He chuckled. “You’re telling me that my wife and daughters want to kill me and you’re using me as bait to catch them? It’s obvious you’re Kandek’s daughter.”

I gasped and took a step back. I’d believed no one but Kandek knew. At least that’s what he’d always told me. “How did you know?”

“We’ve known since your birth. We allowed him to keep you here, subdued and quiet. You were hidden in a place where no one gifted would discover you. We knew where you were every second of your life. That tea he gave you when he’d invite you in his chamber to give a prophecy was concocted by one of our people. We’ve been using you your whole life.”

“Why are you telling me this?” For a moment I wondered if my trick from earlier was still working on him.

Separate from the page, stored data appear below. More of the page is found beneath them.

(* Let $x^\star\in(0,1]$ and $F_f(y;x^\star)=\frac{ye^{(x^\star-2)y}+ye^{-x^\star y}}{2(1-e^{-2y})}$ for $y>0$. Then $F_f(\cdot;x^\star)$ is strictly decreasing on $(1/x^\star,\infty)$. *)

theory Defs
  imports Complex_Main
begin

definition F_f :: "real \<Rightarrow> real \<Rightarrow> real" where
  "F_f xs y = (y * exp ((xs - 2) * y) + y * exp (- xs * y)) / (2 * (1 - exp (-2 * y)))"

end

theory Submission
  imports Defs
begin

text \<open>Multiplying numerator and denominator by \<open>exp y\<close> turns \<open>F_f x\<close> into
  \<open>y cosh (b y) / (2 sinh y)\<close> with \<open>b = 1 - x\<close>. The numerator of its derivative is
  \<open>(cosh (b y) + b y sinh (b y)) sinh y - y cosh (b y) cosh y\<close>; bounding
  \<open>sinh \<le> cosh\<close> twice reduces its negativity to \<open>1 + b y < y\<close>, i.e. to \<open>y > 1 / x\<close>.\<close>

lemma F_f_eq_cosh_sinh:
  fixes x y :: real
  shows "F_f x y = y * cosh ((1 - x) * y) / (2 * sinh y)"
proof -
  have "exp ((x - 2) * y) * exp y = exp (-((1 - x) * y))"
    "exp (- x * y) * exp y = exp ((1 - x) * y)"
    "exp (-2 * y) * exp y = exp (-y)"
    unfolding mult_exp_exp by (simp_all add: algebra_simps)
  hence num: "(exp ((x - 2) * y) + exp (- x * y)) * exp y = 2 * cosh ((1 - x) * y)"
    and den: "(1 - exp (-2 * y)) * exp y = 2 * sinh y"
    by (simp_all add: cosh_def sinh_def algebra_simps)
  have "F_f x y = (y * ((exp ((x - 2) * y) + exp (- x * y)) * exp y))
                  / (2 * ((1 - exp (-2 * y)) * exp y))"
    unfolding F_f_def mult.assoc[symmetric] mult_divide_mult_cancel_right[OF exp_not_eq_zero]
    by (simp add: distrib_left)
  also have "\<dots> = y * cosh ((1 - x) * y) / (2 * sinh y)"
    by (simp only: num den)
  finally show ?thesis .
qed

lemma cosh_sinh_quotient_deriv_neg:
  fixes b y :: real
  assumes "0 \<le> b" and "b < 1" and "1 < (1 - b) * y"
  shows "(cosh (b * y) + b * y * sinh (b * y)) * sinh y < y * cosh (b * y) * cosh y"
proof -
  have "0 < y"
    using assms by (smt (verit) zero_less_mult_iff)
  have "b * y * sinh (b * y) \<le> b * y * cosh (b * y)"
    by (rule mult_left_mono[OF sinh_le_cosh_real]) (use assms \<open>0 < y\<close> in simp)
  hence "cosh (b * y) + b * y * sinh (b * y) \<le> (1 + b * y) * cosh (b * y)"
    by (simp add: distrib_right)
  also have "\<dots> < y * cosh (b * y)"
    by (rule mult_strict_right_mono) (use assms(3) in \<open>simp_all add: algebra_simps\<close>)
  finally have "(cosh (b * y) + b * y * sinh (b * y)) * sinh y < y * cosh (b * y) * sinh y"
    using \<open>0 < y\<close> by (simp add: mult_strict_right_mono)
  also have "\<dots> < y * cosh (b * y) * cosh y"
    using \<open>0 < y\<close> by (simp add: sinh_less_cosh_real)
  finally show ?thesis .
qed

lemma strict_antimono_on_cosh_sinh_quotient:
  fixes b :: real
  assumes "0 \<le> b" and "b < 1"
  shows "strict_antimono_on {1 / (1 - b)<..} (\<lambda>y. y * cosh (b * y) / sinh y)"
proof (rule monotone_onI)
  fix u v :: real
  assume u: "u \<in> {1 / (1 - b)<..}" and "u < v"
  show "v * cosh (b * v) / sinh v < u * cosh (b * u) / sinh u"
  proof (rule DERIV_neg_imp_decreasing[OF \<open>u < v\<close>])
    fix y assume "u \<le> y"
    hence "1 / (1 - b) < y"
      using u by simp
    hence "1 < (1 - b) * y"
      using assms by (simp add: field_simps)
    hence "0 < y"
      using assms by (smt (verit) zero_less_mult_iff)
    let ?D = "((cosh (b * y) + b * y * sinh (b * y)) * sinh y - y * cosh (b * y) * cosh y)
              / (sinh y * sinh y)"
    have "((\<lambda>y. y * cosh (b * y) / sinh y) has_real_derivative ?D) (at y)"
      by (rule derivative_eq_intros refl | use \<open>0 < y\<close> in simp)+
    moreover have "?D < 0"
      using cosh_sinh_quotient_deriv_neg[OF assms \<open>1 < (1 - b) * y\<close>] \<open>0 < y\<close>
      by (simp add: divide_neg_pos)
    ultimately show "\<exists>D. ((\<lambda>y. y * cosh (b * y) / sinh y) has_real_derivative D) (at y) \<and> D < 0"
      by blast
  qed
qed

theorem mainTheorem9:
  fixes xs :: real
  assumes "0 < xs" and "xs \<le> 1"
  shows "strict_antimono_on {1 / xs<..} (F_f xs)"
proof (rule monotone_onI)
  fix u v assume "u \<in> {1 / xs<..}" and "v \<in> {1 / xs<..}" and "u < v"
  hence "v * cosh ((1 - xs) * v) / sinh v < u * cosh ((1 - xs) * u) / sinh u"
    using strict_antimono_on_cosh_sinh_quotient[of "1 - xs"] assms
    by (simp add: monotone_on_def)
  thus "F_f xs v < F_f xs u"
    unfolding F_f_eq_cosh_sinh divide_divide_eq_left'[symmetric]
    by (rule divide_strict_right_mono) simp_all
qed

end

I didn’t ask for this truth, nor did I force it out of him. I wasn’t even sure I wanted to know. Some secrets could stay buried with my father.

“No one’s going to use me ever again. Not you, not my wife, or daughters. Frankly, Reychel, I really don’t care anymore. The Malborn are totally disconnected from our homeland. I don’t think anyone there would recognize us anymore. We’ve become soft and we’d be disgraced if we ever headed back home,” he said.

“Where will you go when this is all done?” I asked, keeping my eyes on the hallway in case Alia arrived.

“I guess we’ll have to see if I live first,” he roared, pushing through Mark and running toward the dungeon entrance. Mark stumbled against the wall and cursed. He staggered back to his feet.

“Damn him!” Mark chased after Larnack, leaving me alone in the dungeon.

I stood still for a moment, wondering if I should run off after Mark or wait here for Alia. I hadn’t expected this. I wished I knew how to communicate with everyone else like I’d seen Nemison do. That was one trick I hadn’t learned.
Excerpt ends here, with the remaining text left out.